The recent California Supreme Court decision in the Benitez case, shows who will be missing out with the focus on the right to marriage in the GLBT movement: Unmarried and single people.

The doctors for Lupita Benitez refused to provide fertility treatment to her because she was a lesbian, oh, and because she was not married. The doctor claimed that her religious views would prevent her from doing her job.

The California Supreme Court did not agree with that:

Accordingly, the First Amendment’s right to the free exercise of religion does not exempt defendant physicians here from conforming their conduct to the Act’s antidiscrimination requirements even if compliance poses an incidental conflict with defendants’ religious beliefs.

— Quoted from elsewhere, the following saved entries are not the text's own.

lemma uniform_sequence_extends_to_closure:
  fixes \<gamma> :: "'i \<Rightarrow> 'm::metric_space" and v :: "'i \<Rightarrow> 'b::complete_space"
  assumes uniform: "\<And>e. e > 0 \<Longrightarrow> \<exists>\<delta>>0. \<forall>m n. dist (\<gamma> m) (\<gamma> n) < \<delta> \<longrightarrow> dist (v m) (v n) \<le> e"
  obtains G where "continuous_on (closure (range \<gamma>)) G" "\<And>n. G (\<gamma> n) = v n"
proof -
  have v_eq: "v m = v n" if "\<gamma> m = \<gamma> n" for m n
  proof -
    have "dist (v m) (v n) \<le> 0 + e" if e: "e > 0" for e
    proof -
      obtain \<delta> where "\<delta> > 0" "\<forall>m n. dist (\<gamma> m) (\<gamma> n) < \<delta> \<longrightarrow> dist (v m) (v n) \<le> e"
        using uniform[OF e] by blast
      then show ?thesis
        using \<open>\<gamma> m = \<gamma> n\<close> by simp
    qed
    then have "dist (v m) (v n) \<le> 0"
      by (rule field_le_epsilon)
    then show ?thesis
      by simp
  qed
  define g where "g y = v (SOME n. y = \<gamma> n)" for y
  have g: "g (\<gamma> n) = v n" for n
    unfolding g_def by (rule v_eq[symmetric], rule someI, rule refl)
  have "uniformly_continuous_on (range \<gamma>) g"
    unfolding uniformly_continuous_on_def
  proof (intro allI impI)
    fix e :: real assume "e > 0"
    then obtain \<delta> where "\<delta> > 0" and \<delta>: "\<forall>m n. dist (\<gamma> m) (\<gamma> n) < \<delta> \<longrightarrow> dist (v m) (v n) \<le> e / 2"
      using uniform[of "e / 2"] by auto
    have "dist (g x') (g x) < e" if "x \<in> range \<gamma>" "x' \<in> range \<gamma>" and close: "dist x' x < \<delta>" for x x'
    proof -
      obtain m n where "x = \<gamma> m" "x' = \<gamma> n"
        using \<open>x \<in> range \<gamma>\<close> \<open>x' \<in> range \<gamma>\<close> by blast
      then have "dist (g x') (g x) \<le> e / 2"
        using \<delta> close by (simp add: g)
      with \<open>e > 0\<close> show ?thesis
        by simp
    qed
    with \<open>\<delta> > 0\<close> show "\<exists>\<delta>>0. \<forall>x\<in>range \<gamma>. \<forall>x'\<in>range \<gamma>. dist x' x < \<delta> \<longrightarrow> dist (g x') (g x) < e"
      by blast
  qed
  then obtain G where G: "uniformly_continuous_on (closure (range \<gamma>)) G"
    and g_G: "\<And>y. y \<in> range \<gamma> \<Longrightarrow> g y = G y"
    using uniformly_continuous_on_extension_on_closure[of "range \<gamma>" g] by metis
  show ?thesis
  proof (rule that)
    show "continuous_on (closure (range \<gamma>)) G"
      using G by (rule uniformly_continuous_imp_continuous)
    show "G (\<gamma> n) = v n" for n
      using g_G[of "\<gamma> n"] g by simp
  qed
qed
lemma class_sum_peel:
  assumes "d > 0" "prime p" "p dvd d" "p dvd \<sigma>"
  shows "class_sum d \<sigma> = (\<Sum>\<tau> | \<tau> < d \<and> \<not> p dvd \<tau>. peel_coeff d p \<sigma> \<tau> * class_sum d \<tau>)"
proof -
  let ?D = "{\<tau>. \<tau> < d \<and> \<not> p dvd \<tau>}"
  let ?W = "\<lambda>\<tau>. (\<lambda>(k, s). p^k * s) ` (peel_exponents d p \<sigma> \<tau> \<times> residue_class d \<tau>)"
  have coprime_part: "\<forall>s\<in>residue_class d \<tau>. \<not> p dvd s" if "\<tau> \<in> ?D" for \<tau>
    using that assms(3) not_dvd_if_in_residue_class by blast
  have disjoint: "?W \<tau> \<inter> ?W \<tau>' = {}" if "\<tau> \<in> ?D" "\<tau>' \<in> ?D" "\<tau> \<noteq> \<tau>'" for \<tau> \<tau>'
  proof (rule ccontr)
    assume "?W \<tau> \<inter> ?W \<tau>' \<noteq> {}"
    then obtain k s k' s' where "s \<in> residue_class d \<tau>" "s' \<in> residue_class d \<tau>'"
      and eq: "p^k * s = p^k' * s'" by auto
    moreover from this have "inj_on (\<lambda>(k, s). p^k * s) (UNIV \<times> {s, s'})"
      using coprime_part that by (intro inj_on_prime_power_mult assms(2)) auto
    ultimately have "s = s'"
      using eq by (auto dest: inj_onD[of _ _ "(k, s)" "(k', s')"])
    then have "[\<tau> = \<tau>'] (mod d)"
      using \<open>s \<in> residue_class d \<tau>\<close> \<open>s' \<in> residue_class d \<tau>'\<close>
      by (auto simp: residue_class_def intro: cong_trans cong_sym)
    then show False using that by (auto simp: cong_def)
  qed
  have "class_sum d \<sigma> = (\<Sum>\<tau>\<in>?D. infsum rfun (?W \<tau>))"
    unfolding class_sum_def residue_class_eq_UN_peel[OF assms]
    by (rule sum_infsum[symmetric]) (use disjoint rfun_summable_on in auto)
  also have "\<dots> = (\<Sum>\<tau>\<in>?D. peel_coeff d p \<sigma> \<tau> * class_sum d \<tau>)"
    unfolding peel_coeff_def class_sum_def
    using coprime_part by (intro sum.cong refl infsum_rfun_prime_power_mult assms(2))
  finally show ?thesis .
qed

lemma gcd_less_if_peel_coeff_nonzero:
  assumes "d > 0" "prime p" "p dvd d" "p dvd \<sigma>" "\<not> p dvd \<tau>"
    and "peel_coeff d p \<sigma> \<tau> \<noteq> 0"
  shows "gcd \<tau> d < gcd \<sigma> d"
proof -
  obtain k where "[p^k * \<tau> = \<sigma>] (mod d)"
    using assms(6) by (force simp: peel_coeff_def peel_exponents_def)
  then have "[p^k * \<tau> = \<sigma>] (mod gcd \<tau> d)"
    by (rule cong_dvd_modulus_nat) simp
  then have "gcd \<tau> d dvd \<sigma>"
    using cong_dvd_iff by (metis dvd_mult gcd_dvd1)
  then have "gcd \<tau> d dvd gcd \<sigma> d" by simp
  moreover have "p dvd gcd \<sigma> d" "\<not> p dvd gcd \<tau> d"
    using assms(3-5) by auto
  then have "gcd \<tau> d \<noteq> gcd \<sigma> d" by metis
  ultimately show ?thesis
    using assms(1) by (simp add: dvd_imp_le le_neq_implies_less)
qed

So, a doctor cannot use their religion to trump anti-discrimination legislation because the state has an interest in ensuring access to medical care for everybody. This is great news, of course, and a step in the right direction. It is great news both for gays and lesbians and also for secular humanists and others who support the separation of religion and state.

But, actually, the doctor didn’t claim religious troubles because of Benitez’ sexual orientation. No, she refused the fertility treatment because Benitez was unmarried and, as footnote 1 states,

her religious beliefs preclude her from active participation in medically causing the pregnancy of any unmarried woman, and therefore her refusal to perform IUI for Benitez was based on Benitez’s marital status, not her sexual orientation.

In this case, this was a convenient distinction since Benitez couldn’t marry because she is a lesbian. However, it turns out there was more to that distinction: At the time the doctor refused the treatment, discrimination based on sexual orientation was illegal under the Unruh Civil Rights Act, but discrimination based on marital status was perfectly fine. In this particular case, the smoke-screen was lifted by the courts and discrimination based on sexual orientation was assumed. Nevertheless, this case points to the dangers of using marriage as a panacea: It leaves out a slew of other people! If the two women in this case could have married but chose not to (maybe because they didn’t want to support the patriarchal institution of marriage), the doctors could have refused fertility treatment on those grounds and might have won.

The California state law has since been amended to also forbid discrimination based on marital status. Discrimination is wrong no matter what line is draw to create the groups. That is inclusive. That is a step in the direction of viewing all of us as simply human.